OXFORD & NEWCASTLE, England--(BUSINESS WIRE)--
e-Therapeutics provides update on ETS2101 phase I trial in brain cancer
No serious drug-related adverse events after five dose escalation steps; patients to be enrolled at higher dose levels
Oxford and Newcastle, UK, 7 January 2014 – e-Therapeutics plc today announces that the investigator-led phase I trial of ETS2101 in brain cancer will continue into 2014. Five dose escalation steps have been completed without any drug-related serious adverse events and the investigator therefore intends to enrol further patients at higher dose levels.

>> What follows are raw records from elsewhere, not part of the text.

(* Let $\mathcal{C}_1,\mathcal{C}_2$ be symmetric monoidal anti-involutive categories and let $P_1$ be a monoidal positivity structure on $\mathcal{C}_1$. Let $\zeta\colon G_1\Rightarrow G_2$ be a monoidal anti-involutive natural isomorphism between symmetric monoidal anti-involutive functors $G_1,G_2\colon\mathcal{C}_1\to\mathcal{C}_2$. Then $G_1(P_1)=G_2(P_1)$ after taking closures under transfer.
   Context: Symmetric monoidal anti-involutive category $(\mathcal{C},d,\eta)$: symmetric monoidal category, symmetric monoidal functor $d\colon\mathcal{C}\to\mathcal{C}^{\mathrm{op}}$, monoidal natural isomorphism $\eta\colon\mathrm{id}\Rightarrow d^2$ with $d(\eta_x)\circ\eta_{dx}=\mathrm{id}$. A symmetric monoidal anti-involutive functor $(G,\phi)$: symmetric monoidal functor with monoidal natural isomorphism $\phi\colon G\circ d\Rightarrow d\circ G$ with $\phi_{dx}\circ G(\eta_x)=d(\phi_x)\circ\eta_{G(x)}$. An anti-involutive natural transformation $\zeta\colon(G_1,\phi_1)\Rightarrow(G_2,\phi_2)$ satisfies $(\phi_1)_x=d(\zeta_x)\circ(\phi_2)_x\circ\zeta_{dx}$. A Hermitian pairing is an isomorphism $h\colon c\to dc$ with $d(h)\circ\eta_c=h$. A (monoidal) positivity structure is a collection of Hermitian pairings $(c,h)$ surjecting onto objects of $\mathcal{C}$ (closed under tensor product $(c_1\otimes c_2,\chi\circ(h_1\otimes h_2))$, $\chi$ the monoidal structure of $d$). The transfer of $h$ along an isomorphism $g\colon c'\to c$ is $d(g)\circ h\circ g$; the closure of a collection is its closure under transfer. For $(G,\phi)$ and a collection $P$, $G(P)$ is the collection of Hermitian pairings $\phi_c\circ G(h)\colon G(c)\to dG(c)$ for $(c,h)\in P$. *)

theory Defs
  imports Main
begin

record ('o,'m) cat =
  Obj :: "'o set"
  Arr :: "'m set"
  Src :: "'m \<Rightarrow> 'o"
  Tgt :: "'m \<Rightarrow> 'o"
  Cmp :: "'m \<Rightarrow> 'm \<Rightarrow> 'm"   (* Cmp C g f = g \<circ> f *)
  Idt :: "'o \<Rightarrow> 'm"

definition hom :: "('o,'m,'z) cat_scheme \<Rightarrow> 'o \<Rightarrow> 'o \<Rightarrow> 'm set" where
  "hom C x y = {f \<in> Arr C. Src C f = x \<and> Tgt C f = y}"

definition category :: "('o,'m,'z) cat_scheme \<Rightarrow> bool" where
  "category C \<longleftrightarrow>
     (\<forall>f\<in>Arr C. Src C f \<in> Obj C \<and> Tgt C f \<in> Obj C) \<and>
     (\<forall>x\<in>Obj C. Idt C x \<in> hom C x x) \<and>
     (\<forall>f g. f \<in> Arr C \<and> g \<in> Arr C \<and> Tgt C f = Src C g \<longrightarrow>
            Cmp C g f \<in> hom C (Src C f) (Tgt C g)) \<and>
     (\<forall>f\<in>Arr C. Cmp C f (Idt C (Src C f)) = f \<and> Cmp C (Idt C (Tgt C f)) f = f) \<and>
     (\<forall>f g h. f \<in> Arr C \<and> g \<in> Arr C \<and> h \<in> Arr C \<and> Tgt C f = Src C g \<and> Tgt C g = Src C h
            \<longrightarrow> Cmp C h (Cmp C g f) = Cmp C (Cmp C h g) f)"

The trial includes patients with advanced primary or secondary brain cancer that has recurred after treatment with established therapies. It is being conducted by Professor Santosh Kesari, MD, PhD, director of neuro-oncology at the UC San Diego Moores Cancer Center in La Jolla, California. The primary objective of the trial is to evaluate the safety of ETS2101 and establish an appropriate dose for further studies. Secondary objectives include initial assessment of the drug’s activity and study of its pharmacokinetics (distribution in the body and brain).
Under the protocol, groups of patients are treated at successively higher doses until a maximum tolerated dose is found. Fifteen patients have now completed treatment at doses up to 24 mg/kg body weight. At all doses tested so far, ETS2101 has been generally well tolerated. No objective tumour responses have been reported based on the Response Assessment in Neuro-Oncology (RANO) Working Group criteria (see notes). Detailed data on safety and other endpoints will be submitted to a medical meeting when treatment and follow up of all patients is completed.
Professor Kesari said: “With an absence of safety concerns to date, we plan to evaluate at least one further dose level of ETS2101. Preliminary pharmacokinetic data from the study and non-clinical data also support this plan.”
Stephen Self, Development Director at e-Therapeutics, added: “The brain cancer trial complements our UK phase I study in patients with various tumours and will help us decide on next steps with ETS2101. We appreciate the contribution of Professor Kesari and his patients to the investigation of the drug in an area of considerable unmet need and look forward to further findings from the trial.”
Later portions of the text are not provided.